Connections to Other Work
-
Inverse dynamics in self-supervised learning: Draws on Pathak et al. [2017, ICML] (curiosity-driven exploration via inverse dynamics) and Baker et al. [2022, NeurIPS] (VPT — learning to act by watching videos). The key principle: predicting actions between consecutive states yields representations focused on controllable aspects of the environment while filtering out task-irrelevant distractors.
-
DiWA [Chandra et al., 2025]: WAM’s most direct baseline. DiWA uses DreamerV2 + DiffusionMLP + PPO fine-tuning. WAM replaces only the world model (DreamerV2 → WAM) while keeping the identical policy and training pipeline, making the comparison clean.
-
DITTO [DeMoss et al., 2025]: Optimizes a distance metric in a frozen world model’s latent space for offline IL. WAM’s improved representations could directly benefit DITTO.
-
DreamingV2 [Okada & Taniguchi, 2022]: The generation quality baseline (DreamerV2 trained for 2M steps without reconstruction). WAM outperforms it on all metrics with 8.7x fewer steps.
-
Action-conditional vs action-predictive: The distinction between treating actions as conditioning inputs (standard world models) vs. jointly predicting them (WAM) parallels the broader trend in representation learning from label-conditional to label-predictive objectives.

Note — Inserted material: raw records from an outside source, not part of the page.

(* Let $\vec p=(1,1)$, and let $\vec a,\vec b,\vec c\in\mathbb{R}^2$, $\vec\alpha\in(-1,\infty)^2$. Then the following are equivalent: (1) $S_{\vec a,\vec b,\vec c}$ is bounded from $L^{\vec p}_{\vec\alpha}(T_B\times T_B)$ to $L^\infty(T_B\times T_B)$; (2) $T_{\vec a,\vec b,\vec c}$ is bounded from $L^{\vec p}_{\vec\alpha}(T_B\times T_B)$ to $L^\infty(T_B\times T_B)$; (3) for each $i\in\{1,2\}$: $a_i\ge 0$, $b_i\ge\alpha_i$, and $c_i=a_i+b_i-\alpha_i$.
   Context: Let $n$ be a positive integer. For $z=(z_1,\dots,z_n)\in\mathbb{C}^n$ write $z=x+iy$ with $x,y\in\mathbb{R}^n$, $z'=(z_1,\dots,z_{n-1})$, $y'=(y_1,\dots,y_{n-1})$. Let $B=\{y\in\mathbb{R}^n: |y'|^2<y_n\}$ and $T_B=\{x+iy: x\in\mathbb{R}^n, y\in B\}$. For $z\in T_B$ put $\rho(z)=y_n-|y'|^2>0$, and for $z,u\in T_B$ put $\rho(z,u)=\frac14\big(\sum_{j=1}^{n-1}(z_j-\overline{u_j})^2-2i(z_n-\overline{u_n})\big)$; this has positive real part, and complex powers $\rho(z,u)^c$ are taken with the principal branch. $dV$ is Lebesgue measure on $\mathbb{C}^n$ and $dV_\alpha(z)=\rho(z)^\alpha dV(z)$. For $\vec p=(p_1,p_2)\in[1,\infty]^2$ and $\vec\alpha=(\alpha_1,\alpha_2)$, $L^{\vec p}_{\vec\alpha}(T_B\times T_B)$ is the space of measurable $f$ on $T_B\times T_B$ with finite mixed norm $\|f\|_{\vec p,\vec\alpha}=\big\{\int_{T_B}\big(\int_{T_B}|f(z,w)|^{p_1}dV_{\alpha_1}(z)\big)^{p_2/p_1}dV_{\alpha_2}(w)\big\}^{1/p_2}$, with the inner (resp. outer) integral replaced by an essential supremum in $z$ (resp. $w$) when $p_1=\infty$ (resp. $p_2=\infty$); when $\vec p=(\infty,\infty)$ this is $L^\infty(T_B\times T_B)$. For $\vec a=(a_1,a_2),\vec b=(b_1,b_2),\vec c=(c_1,c_2)\in\mathbb{R}^2$, $T_{\vec a,\vec b,\vec c}f(z,w)=\rho(z)^{a_1}\rho(w)^{a_2}\int_{T_B}\int_{T_B}\frac{\rho(u)^{b_1}\rho(\eta)^{b_2}}{\rho(z,u)^{c_1}\rho(w,\eta)^{c_2}}f(u,\eta)\,dV(u)\,dV(\eta)$ and $S_{\vec a,\vec b,\vec c}f(z,w)=\rho(z)^{a_1}\rho(w)^{a_2}\int_{T_B}\int_{T_B}\frac{\rho(u)^{b_1}\rho(\eta)^{b_2}}{|\rho(z,u)|^{c_1}|\rho(w,\eta)|^{c_2}}f(u,\eta)\,dV(u)\,dV(\eta)$. An operator is bounded from $X$ to $Y$ if for every $f\in X$ the defining integral converges for a.e. $(z,w)$ and $\|Tf\|_Y\le C\|f\|_X$ with $C$ independent of $f$. *)

theory Defs
  imports "HOL-Analysis.Analysis"
begin
definition zero_mean_finite_var_density :: "('a::euclidean_space \<Rightarrow> real) \<Rightarrow> bool" where
  "zero_mean_finite_var_density p \<longleftrightarrow>
     p \<in> borel_measurable borel \<and> (\<forall>x. 0 \<le> p x) \<and>
     (\<integral>\<^sup>+ x. ennreal (p x) \<partial>lborel) = 1 \<and>
     integrable (density lborel (\<lambda>x. ennreal (p x))) (\<lambda>x. x) \<and>
     (\<integral> x. x \<partial>density lborel (\<lambda>x. ennreal (p x))) = 0 \<and>
     integrable (density lborel (\<lambda>x. ennreal (p x))) (\<lambda>x. (norm x)\<^sup>2)"

end

theory Submission
  imports Defs
begin

text \<open>
  Write H x for the Gaussian average of \<langle>v, clip (v + x + k z) c\<rangle>; by Fubini the left-hand
  side is the average of H over the noise. Pairing z with -z, and using that clipping (the
  projection onto a ball) is a monotone operator, gives H 0 \<ge> |v| min |v| (3c/4) P(|k z| < c/4).
  By the Cameron--Martin formula H is the Gaussian smoothing of a function bounded by |v| c, so
  it has a second-order minorant H x \<ge> H 0 + \<langle>a, x\<rangle> - C |x|^2 / k^2 with C independent of k
  and of the noise; integrating against zero-mean noise removes the linear term.
\<close>

section \<open>Clipping\<close>

lemma clip_eq_scaleR: "clip g c = min 1 (c / norm g) *\<^sub>R g"
  by (simp add: clip_def)

lemma clip_uminus: "clip (- g) c = - clip g c"
  by (simp add: clip_def)

lemma clip_measurable [measurable]: "(\<lambda>g::'a::euclidean_space. clip g c) \<in> borel_measurable borel"
  unfolding clip_eq_scaleR by measurable

lemma norm_clip: "c > 0 \<Longrightarrow> norm (clip g c) = min (norm g) c"
  by (cases "g = 0") (auto simp: clip_def min_def field_simps)

lemma abs_inner_clip_le: "c > 0 \<Longrightarrow> \<bar>inner v (clip g c)\<bar> \<le> norm v * c"
  by (metis Cauchy_Schwarz_ineq2 min.cobounded2 mult_left_mono norm_clip norm_ge_zero order_trans)
(* For every set $\mathcal X$ of $n$ entities, each moving along a trajectory of $\tau$ edges (in general position), and every $\varepsilon\ge 0$, the Reeb graph $\mathcal R=(V,E)$ has $O(\tau n^2)$ vertices and $O(\tau n^2)$ edges. These bounds are tight in the worst case: there are inputs for which $\mathcal R$ has $\Omega(\tau n^2)$ vertices and edges.
   Context: Let $\mathcal X$ be a set of $n$ entities. All trajectories are sampled at common times $t_0<t_1<\dots<t_\tau$; each entity $x$ has a position $x(t_i)\in\mathbb R^2$ at each $t_i$ and moves with constant velocity between consecutive sample times, so its trajectory is a polygonal path with $\tau$ edges defined on $[t_0,t_\tau]$. Fix $\varepsilon\ge 0$. Two entities $x,y$ are directly connected at time $t$ if their closed discs of radius $\varepsilon$ centred at $x(t)$ and $y(t)$ intersect, i.e. $\|x(t)-y(t)\|\le 2\varepsilon$. They are $\varepsilon$-connected at time $t$ if there is a sequence $x=x_0,\dots,x_k=y$ of entities with $x_i,x_{i+1}$ directly connected at $t$ for all $i$. A component at time $t$ is a maximal set of pairwise $\varepsilon$-connected entities; the components at time $t$ partition $\mathcal X$. General position: no two distinct events at which a pair of entities becomes directly connected or directly disconnected occur at the same time. The Reeb graph $\mathcal R$ is the directed graph describing the evolution of the components over $[t_0,t_\tau]$: it has a start vertex for each component at $t_0$ (in-degree 0, out-degree 1), an end vertex for each component at $t_\tau$ (in-degree 1, out-degree 0), a merge vertex (in-degree 2, out-degree 1) at each time two components unite into one, and a split vertex (in-degree 1, out-degree 2) at each time a component splits into two; each vertex $v$ has a time $t_v$, and each edge $e=(u,v)$ with $t_u<t_v$ corresponds to a set $C_e$ of entities that is a component at every time in $[t_u,t_v]$. *)

theory Defs
  imports "HOL-Analysis.Analysis"
begin
(* Let $(B,D,d,\theta)$ be a crossed module, $A$ an abelian group and $\zeta:\operatorname{Ker}d\to A$ a surjective abstract $\zeta$-kernel of this crossed module. Then there exists a $\zeta$-extension of co-type $B\xrightarrow{d}D$ if and only if the obstruction $\operatorname{Obs}(\zeta)$ vanishes in $H^3(\operatorname{Coker}d,A)$ (with $\operatorname{Coker}d$ acting trivially on $A$).
   Context: A crossed module $(B,D,d,\theta)$: groups $B,D$, homomorphisms $d:B\to D$, $\theta:D\to\operatorname{Aut}B$ with $\theta_{d(b)}(b')=bb'b^{-1}$ and $d(\theta_x(b))=x\,d(b)\,x^{-1}$. Then $\operatorname{Ker}d\subseteq Z(B)$, $d(B)\trianglelefteq D$ and $\operatorname{Ker}d$ is a $\operatorname{Coker}d=D/d(B)$-module via $s\cdot c=\theta_x(c)$, $x\in s$. An abstract $\zeta$-kernel: a homomorphism $\zeta:\operatorname{Ker}d\to A$ ($A$ abelian) with $\zeta(\theta_x(c))=\zeta(c)$ for all $x\in D,c\in\operatorname{Ker}d$. A $\zeta$-extension of co-type $B\xrightarrow{d}D$: an exact sequence of groups $0\to A\xrightarrow{j}E\xrightarrow{p}D\to1$ with $j(A)\subseteq Z(E)$, together with a homomorphism $\beta:B\to E$ such that $p\beta=d$, $\beta(\theta_x b)=e\,\beta(b)\,e^{-1}$ whenever $p(e)=x$, and $j(\zeta(c))=\beta(c)$ for all $c\in\operatorname{Ker}d$. Obstruction: choose representatives $x_s\in D$ of each $s\in\operatorname{Coker}d$ ($x_1=1$) and for each $x$ in class $s$ an element $b_x\in B$ with $x_s=d(b_x)x$, $b_{x_s}=0$ (writing $B$ additively, not necessarily abelian). Put $\tilde H_{r,s}=-b_{x_rx_s}$ and define $k:(\operatorname{Coker}d)^3\to\operatorname{Ker}d$ by $\theta_{x_s}(\tilde H_{r,t})+\tilde H_{s,rt}+k(s,r,t)=\tilde H_{s,r}+\tilde H_{sr,t}$; $k$ is a 3-cocycle of $\operatorname{Coker}d$ with values in $\operatorname{Ker}d$. Then $\operatorname{Obs}(\zeta)=[\zeta\circ k]\in H^3(\operatorname{Coker}d,A)$. *)

theory Defs
  imports "HOL-Algebra.Algebra"
begin

definition crossed_module ::
  "'b monoid \<Rightarrow> 'd monoid \<Rightarrow> ('b \<Rightarrow> 'd) \<Rightarrow> ('d \<Rightarrow> 'b \<Rightarrow> 'b) \<Rightarrow> bool" where
  "crossed_module B D d \<theta> \<longleftrightarrow>
     group B \<and> group D \<and> d \<in> hom B D \<and>
     (\<forall>x\<in>carrier D. \<theta> x \<in> iso B B) \<and>
     (\<forall>x\<in>carrier D. \<forall>y\<in>carrier D. \<forall>b\<in>carrier B.
         \<theta> (x \<otimes>\<^bsub>D\<^esub> y) b = \<theta> x (\<theta> y b)) \<and>
     (\<forall>b\<in>carrier B. \<theta> \<one>\<^bsub>D\<^esub> b = b) \<and>
     (\<forall>b\<in>carrier B. \<forall>b'\<in>carrier B.
         \<theta> (d b) b' = b \<otimes>\<^bsub>B\<^esub> b' \<otimes>\<^bsub>B\<^esub> inv\<^bsub>B\<^esub> b) \<and>
     (\<forall>x\<in>carrier D. \<forall>b\<in>carrier B.
         d (\<theta> x b) = x \<otimes>\<^bsub>D\<^esub> d b \<otimes>\<^bsub>D\<^esub> inv\<^bsub>D\<^esub> x)"

definition Kerd :: "'b monoid \<Rightarrow> 'd monoid \<Rightarrow> ('b \<Rightarrow> 'd) \<Rightarrow> 'b monoid" where
  "Kerd B D d = B\<lparr>carrier := kernel B D d\<rparr>"

definition Coker :: "'b monoid \<Rightarrow> 'd monoid \<Rightarrow> ('b \<Rightarrow> 'd) \<Rightarrow> 'd set monoid" where
  "Coker B D d = D Mod (d ` carrier B)"

definition abstract_kernel ::
  "'b monoid \<Rightarrow> 'd monoid \<Rightarrow> ('b \<Rightarrow> 'd) \<Rightarrow> ('d \<Rightarrow> 'b \<Rightarrow> 'b) \<Rightarrow> 'a monoid \<Rightarrow> ('b \<Rightarrow> 'a) \<Rightarrow> bool" where
  "abstract_kernel B D d \<theta> A \<zeta> \<longleftrightarrow>
     comm_group A \<and> \<zeta> \<in> hom (Kerd B D d) A \<and>
     (\<forall>x\<in>carrier D. \<forall>c\<in>kernel B D d. \<zeta> (\<theta> x c) = \<zeta> c)"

Limitations and Open Questions
- Single benchmark: Evaluation is limited to CALVIN (8 tabletop tasks). Generalization to other manipulation benchmarks (LIBERO, RLBench), locomotion, or real robots is untested.
- Hardware not specified: No GPU type or wall-clock training time is reported, making exact computational cost comparisons difficult.
- No code release: The paper lacks an official implementation.
- Abstract vs. body inconsistency: The abstract reports BC averages of 59.4% → 71.2%, while the body/conclusion reports 45.8% → 61.7%. The table data (45.8%, 61.7%) matches the conclusion text.
- Action loss weight sensitivity: $\lambda_{act} = 1000.0$ is very large relative to other weights. The paper states these were “carefully tuned” but does not provide an ablation over this value.
- No ablation study on head design: The paper does not compare the 3-layer MLP against simpler (linear) or more complex (deeper, attention-based) inverse dynamics heads.